Your task:
Where does the word "negativity" occur in the entries below? Copy every line that has it.

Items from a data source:
========================================

(* Let $d\geq3$ and let $x_1,\dots,x_{d-1}$ be real numbers with $0<x_i<1$ for all $i$ and $x_i\neq x_j$ for at least one pair $(i,j)$. Let $\Omega$ be the quantum channel on $d\times d$ matrices with Kraus operators $A_0,\dots,A_{d-1}$ given by $A_0=\mathrm{diag}(1,x_1,\dots,x_{d-1})$ and, for $m=1,\dots,d-1$, $(A_m)_{ij}=\sqrt{1-x_m^2}\,\delta_{0i}\delta_{mj}$ ($i,j=0,\dots,d-1$), i.e. $\Omega(X)=\sum_{m=0}^{d-1}A_mXA_m^\dagger$. Let $|\Phi^+\rangle=\frac1{\sqrt d}\sum_{i=0}^{d-1}|ii\rangle$ and $\rho_{\Phi^+,\Omega}=(\mathcal{I}\otimes\Omega)(|\Phi^+\rangle\langle\Phi^+|)$. Then $$\lambda_{\max}(\rho_{\Phi^+,\Omega})>\frac{1+2\mathcal{N}(\rho_{\Phi^+,\Omega})}{d},$$ where $\lambda_{\max}$ is the largest eigenvalue and $\mathcal{N}$ is the negativity.
   Context: The negativity $\mathcal{N}(\sigma)$ of a two-qudit state $\sigma$ is the absolute value of the sum of the negative eigenvalues of its partial transpose $\sigma^\Gamma$ (transpose with respect to one subsystem). *)

theory Defs
  imports "Jordan_Normal_Form.Jordan_Normal_Form" "Jordan_Normal_Form.Schur_Decomposition"
begin

text \<open>Bipartite index convention: basis vector |i,j> of C^d (x) C^d has index i*d+j.\<close>

text \<open>Kraus operators A_0,...,A_{d-1} of the channel Omega (x is indexed 1..d-1).\<close>
definition kraus :: "nat \<Rightarrow> (nat \<Rightarrow> real) \<Rightarrow> nat \<Rightarrow> complex mat" where
  "kraus d x m =
     (if m = 0 then mat d d (\<lambda>(i,j). if i = j then (if i = 0 then 1 else complex_of_real (x i)) else 0)
      else mat d d (\<lambda>(i,j). if i = 0 \<and> j = m then complex_of_real (sqrt (1 - (x m)^2)) else 0))"

definition channel :: "nat \<Rightarrow> (nat \<Rightarrow> real) \<Rightarrow> complex mat \<Rightarrow> complex mat" where
  "channel d x X = foldr (\<lambda>m acc. kraus d x m * X * mat_adjoint (kraus d x m) + acc) [0..<d] (0\<^sub>m d d)"

definition block :: "nat \<Rightarrow> complex mat \<Rightarrow> nat \<Rightarrow> nat \<Rightarrow> complex mat" where
  "block d R i k = mat d d (\<lambda>(a,b). R $$ (i*d + a, k*d + b))"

========================================

Response to the task:
(* Let $d\geq3$ and let $x_1,\dots,x_{d-1}$ be real numbers with $0<x_i<1$ for all $i$ and $x_i\neq x_j$ for at least one pair $(i,j)$. Let $\Omega$ be the quantum channel on $d\times d$ matrices with Kraus operators $A_0,\dots,A_{d-1}$ given by $A_0=\mathrm{diag}(1,x_1,\dots,x_{d-1})$ and, for $m=1,\dots,d-1$, $(A_m)_{ij}=\sqrt{1-x_m^2}\,\delta_{0i}\delta_{mj}$ ($i,j=0,\dots,d-1$), i.e. $\Omega(X)=\sum_{m=0}^{d-1}A_mXA_m^\dagger$. Let $|\Phi^+\rangle=\frac1{\sqrt d}\sum_{i=0}^{d-1}|ii\rangle$ and $\rho_{\Phi^+,\Omega}=(\mathcal{I}\otimes\Omega)(|\Phi^+\rangle\langle\Phi^+|)$. Then $$\lambda_{\max}(\rho_{\Phi^+,\Omega})>\frac{1+2\mathcal{N}(\rho_{\Phi^+,\Omega})}{d},$$ where $\lambda_{\max}$ is the largest eigenvalue and $\mathcal{N}$ is the negativity.
   Context: The negativity $\mathcal{N}(\sigma)$ of a two-qudit state $\sigma$ is the absolute value of the sum of the negative eigenvalues of its partial transpose $\sigma^\Gamma$ (transpose with respect to one subsystem). *)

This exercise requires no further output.